Однако же второй урок
С большим успехом слушал
И говорит Скворцу: «Спасибо, милый кум!
Наставил ты меня на ум».
И, клетку разломав, учителя он скушал.
Дворовый верный пес
Барбос,
Который барскую усердно службу нес,
Увидел старую свою знакомку
Жужу, кудрявую болонку,
На мягкой пуховóй подушке, на окне.
К ней лáстяся, как будто бы к родне,
Он, с умиленья, чуть не плачет
И под окном
Визжит, вертит хвостом
И скачет.
«Ну что, Жужутка, как живешь,
С тех пор как господа тебя в хоромы взяли?
Ведь помнишь: на дворе мы часто голодали.
Какую службу ты несешь?»
«На счастье грех роптать, – Жужутка отвечает, —
Мой господин во мне души не чает;
Живу в довольстве и добре,
И ем и пью на серебре;
Резвлюся с барином; а ежели устану,
Валяюсь по коврам и мягкому дивану.
Ты как живешь?» – «Я, – отвечал Барбос,
Хвост плетью опустя и свой повеся нос, —
Живу по-прежнему: терплю и холод
И голод
И, сберегаючи хозяйский дом,
Здесь под забором сплю и мокну под дождем;
А если невпопад залаю,
То и побои принимаю.
Да чем же ты, Жужу, в случай попал,
Бессилен бывши так и мал,
Меж тем как я из кожи рвусь напрасно?
Чем служишь ты?» – «Чем служишь! Вот прекрасно! —
С насмешкой отвечал Жужу. —
На задних лапках я хожу».
Как счастье многие находят
Лишь тем, что хорошо на задних лапках ходят!
Поймала Кошка Соловья,
В бедняжку когти запустила
И, ласково его сжимая, говорила:
«Соловушка, душа моя!
Я слышу, что тебя везде за песни славят
И с лучшими певцами рядом ставят.
Мне говорит лиса-кума,
Что голос у тебя так звонок и чудесен,
Что от твоих прелестных песен
Все пастухи, пастушки – без ума.
Хотела б очень я сама
Тебя послушать.
Не трепещися так; не будь, мой друг, упрям;
Не бойся: не хочу совсем тебя я кушать.
Лишь спой мне чтó-нибудь: тебе я волю дам
И отпущу гулять по рощам и лесам.
В любви я к музыке тебе не уступаю
И часто, про себя мурлыча, засыпаю».
Меж тем мой бедный Соловей
Едва-едва дышал в когтях у ней.
«Ну что же? – продолжает Кошка. —
Пропой, дружок, хотя немножко».
Но наш певец не пел, а только что пищал.
«Так этим-то леса ты восхищал? —
С насмешкою она спросила. —
Где ж эта чистота и сила,
О коих все без ýмолку твердят?
Мне скучен писк такой и от моих котят.
Нет, вижу, что в пеньé ты вовсе не искусен.
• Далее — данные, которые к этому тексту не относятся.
text \<open>A strong law of large numbers for bounded independent variables with a common mean:
  Hoeffding's inequality makes the probabilities of the deviation events summable, and
  Borel-Cantelli turns that into an almost sure statement.\<close>
lemma (in prob_space) AE_eventually_sum_deviation_less:
  fixes X :: "'i \<Rightarrow> 'a \<Rightarrow> real" and J :: "nat \<Rightarrow> 'i set"
  assumes indep: "indep_vars (\<lambda>_. borel) X I"
    and J: "\<And>t. J t \<subseteq> I" "\<And>t. finite (J t)" "\<And>t. card (J t) = t"
    and bounded: "\<And>i. i \<in> I \<Longrightarrow> AE x in M. X i x \<in> {lo..hi}" and "lo < hi"
    and mean: "\<And>i. i \<in> I \<Longrightarrow> expectation (X i) = \<mu>"
    and "0 < \<delta>"
  shows "AE x in M. eventually (\<lambda>t. \<bar>(\<Sum>i\<in>J t. X i x) - real t * \<mu>\<bar> < \<delta> * real t) sequentially"
proof -
  define A where "A t = {x \<in> space M. \<delta> * real t \<le> \<bar>(\<Sum>i\<in>J t. X i x) - real t * \<mu>\<bar>}" for t
  define c where "c = 2 * \<delta>\<^sup>2 / (hi - lo)\<^sup>2"
  have "0 < c"
    unfolding c_def using \<open>0 < \<delta>\<close> \<open>lo < hi\<close> by simp
  have prob_A: "prob (A t) \<le> 2 * exp (- c) ^ t" for t
  proof (cases "t = 0")
    case False
    interpret Hoeffding_ineq M "J t" X "\<lambda>_. lo" "\<lambda>_. hi" "real t * \<mu>"
    proof unfold_locales
      show "indep_vars (\<lambda>_. borel) X (J t)"
        using indep_vars_subset[OF indep J(1)] .
      have "(\<Sum>i\<in>J t. expectation (X i)) = (\<Sum>i\<in>J t. \<mu>)"
        using mean J(1) by (intro sum.cong) auto
      then show "real t * \<mu> \<equiv> \<Sum>i\<in>J t. expectation (X i)"
        using J(3) by simp
      show "AE x in M. X i x \<in> {lo..hi}" if "i \<in> J t" for i
        using bounded J(1) that by blast
    qed (use J in simp)
    have sum_sq: "(\<Sum>i\<in>J t. (hi - lo)\<^sup>2) = real t * (hi - lo)\<^sup>2"
      using J by simp
    have "prob (A t) \<le> 2 * exp (- 2 * (\<delta> * real t)\<^sup>2 / (\<Sum>i\<in>J t. (hi - lo)\<^sup>2))"
      unfolding A_def using Hoeffding_ineq_abs_ge[of "\<delta> * real t"] \<open>0 < \<delta>\<close> \<open>lo < hi\<close> False sum_sq
      by simp
    also have "- 2 * (\<delta> * real t)\<^sup>2 / (\<Sum>i\<in>J t. (hi - lo)\<^sup>2) = real t * (- c)"
    proof -
      define D where "D = (hi - lo)\<^sup>2"
      have "0 < D" "0 < real t"
        unfolding D_def using \<open>lo < hi\<close> False by auto
      then show ?thesis
        unfolding sum_sq c_def D_def[symmetric] by (simp add: J(3) power2_eq_square field_simps)
    qed
    also have "exp (real t * (- c)) = exp (- c) ^ t"
      by (rule exp_of_nat_mult)
    finally show ?thesis .
  next
    case True
    have "prob (A t) \<le> 1"
      by (rule prob_le_1)
    moreover have "2 * exp (- c) ^ t = 2"
      using True by simp
    ultimately show ?thesis
      by linarith
  qed
  have "(\<lambda>x. \<Sum>i\<in>J t. X i x) \<in> borel_measurable M" for t
    using indep J(1) unfolding indep_vars_def by (intro borel_measurable_sum) blast
  then have "A t \<in> events" for t
    unfolding A_def by measurable
  moreover have "summable (\<lambda>t. measure M (A t))"
  proof (rule summable_comparison_test)
    show "\<exists>N. \<forall>t\<ge>N. norm (measure M (A t)) \<le> 2 * exp (- c) ^ t"
      using prob_A by auto
    show "summable (\<lambda>t. 2 * exp (- c) ^ t)"
      using \<open>0 < c\<close> by (intro summable_mult summable_geometric) auto
  qed
  ultimately have "AE x in M. eventually (\<lambda>t. x \<in> space M - A t) sequentially"
    by (intro borel_cantelli_AE1) (auto simp: emeasure_eq_measure)
  then show ?thesis
    by (rule AE_mp) (auto simp: A_def elim: eventually_mono intro!: AE_I2)
qed

lemma (in prob_space) AE_sum_div_tendsto_mean:
  fixes X :: "'i \<Rightarrow> 'a \<Rightarrow> real" and J :: "nat \<Rightarrow> 'i set"
  assumes indep: "indep_vars (\<lambda>_. borel) X I"
    and J: "\<And>t. J t \<subseteq> I" "\<And>t. finite (J t)" "\<And>t. card (J t) = t"
    and bounded: "\<And>i. i \<in> I \<Longrightarrow> AE x in M. X i x \<in> {lo..hi}" and "lo < hi"
    and mean: "\<And>i. i \<in> I \<Longrightarrow> expectation (X i) = \<mu>"
  shows "AE x in M. ((\<lambda>t. (\<Sum>i\<in>J t. X i x) / real t) \<longlongrightarrow> \<mu>) sequentially"
proof -
  have "AE x in M. \<forall>m. eventually (\<lambda>t. \<bar>(\<Sum>i\<in>J t. X i x) - real t * \<mu>\<bar>
      < inverse (real (Suc m)) * real t) sequentially"
    unfolding AE_all_countable
    using AE_eventually_sum_deviation_less[OF indep J bounded \<open>lo < hi\<close> mean] by simp
  then show ?thesis
  proof (rule AE_mp, intro AE_I2 impI)
    fix x
    assume dev: "\<forall>m. eventually (\<lambda>t. \<bar>(\<Sum>i\<in>J t. X i x) - real t * \<mu>\<bar>
        < inverse (real (Suc m)) * real t) sequentially"
    show "((\<lambda>t. (\<Sum>i\<in>J t. X i x) / real t) \<longlongrightarrow> \<mu>) sequentially"
    proof (rule tendstoI)
      fix e :: real assume "0 < e"
      then obtain m where m: "inverse (real (Suc m)) < e"
        using reals_Archimedean by blast
      have "\<bar>(\<Sum>i\<in>J t. X i x) / real t - \<mu>\<bar> < e"
        if close: "\<bar>(\<Sum>i\<in>J t. X i x) - real t * \<mu>\<bar> < inverse (real (Suc m)) * real t" for t
      proof -
        have "0 < real t"
          using close by (cases "t = 0") auto
        then have "(\<Sum>i\<in>J t. X i x) / real t - \<mu> = ((\<Sum>i\<in>J t. X i x) - real t * \<mu>) / real t"
          by (simp add: diff_divide_distrib)
        then have "\<bar>(\<Sum>i\<in>J t. X i x) / real t - \<mu>\<bar> = \<bar>(\<Sum>i\<in>J t. X i x) - real t * \<mu>\<bar> / real t"
          using \<open>0 < real t\<close> by simp
        also have "\<dots> < inverse (real (Suc m))"
          using close \<open>0 < real t\<close> by (simp add: divide_less_eq)
        finally show ?thesis
          using m by linarith
      qed
      then show "eventually (\<lambda>t. dist ((\<Sum>i\<in>J t. X i x) / real t) \<mu> < e) sequentially"
        using dev[rule_format, of m] by (auto simp: dist_real_def elim: eventually_mono)
    qed
  qed
qed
Всё без начала, без конца!
Посмотрим, на зубах каков-то будешь вкусен!»
И съела бедного певца —
До крошки.
Сказать ли на ушкó яснее мысль мою?
Худые песни Соловью
В когтях у Кошки.
Имея в области своей
Не только что леса, но даже воды,
Лев сóбрал на совет зверей:
Кого б над рыбами поставить в воеводы?
Как водится, пошли на голоса,
И выбрана была Лиса.
Вот Лисынька на воеводство села.
Лиса приметно потолстела.
У ней был мужичок, приятель, сват и кум;
Они вдвоем взялись за ум:
Меж тем как с бережку Лисица рядит, судит,
Кум рыбку удит
И делит с кумушкой ее, как верный друг.
Но плутни не всегда удачно сходят с рук.
Лев как-то взял по слухам подозренье,
Что у него в судах скривилися весы,
И, улуча свободные часы,
Пустился сам свое осматривать владенье.
Он идет берегом; а добрый куманек,
Наудя рыб, расклал у речки огонек
И с кумушкой попировать сбирался;
Бедняжки прыгали от жару кто как мог;
Всяк, видя близкий свой конец, метался.
На мужика разинув зев,
«Кто ты? что делаешь?» – спросил сердито Лев.
«Великий государь! – ответствует плутовка
(У Лисыньки всегда в запасе есть уловка). —
Великий государь!
Он у меня здесь главный секретарь:
За бескорыстие уважен всем народом;
А это караси, все жители воды;
Мы все пришли сюды
Поздравить, добрый царь, тебя с твоим приходом».
«Ну, как здесь и́дет суд? Доволен ли ваш край?»
«Великий государь, здесь не житье им – рай;
Лишь только б дни твои бесценные продлились».
(А рыбки между тем на сковородке бились.)
«Да отчего же, – Лев спросил, – скажи ты мне,
Хвостами так они и головами машут?»
«О, мудрый Лев! – Лиса ответствует. – Оне
На радости, тебя увидя, пляшут».
Не могши боле тут Лев явной лжи стерпеть,
Чтоб не без музыки плясать народу,
Секретаря и воеводу
В своих когтях заставил петь.
От жалоб на судей,
На сильных и на богачей
Лев, вышед из терпенья,
Пустился сам свои осматривать владенья.
Он идет, а Мужик, расклавши огонек,
Наудя рыб, изжарить их сбирался.
Бедняжки прыгали от жару кто как мог;
Всяк, видя близкой свой конец, метался.
На Мужика разинув зев,
«Кто ты? что делаешь?» – спросил сердито Лев.
«Всесильный царь! – сказал Мужик, оторопев. —
Я старостою здесь над водяным народом;
А это старшины, все жители воды;
Мы собрались сюды
Поздравить здесь тебя с твоим приходом».
«Ну, как они живут? Богат ли здешний край?»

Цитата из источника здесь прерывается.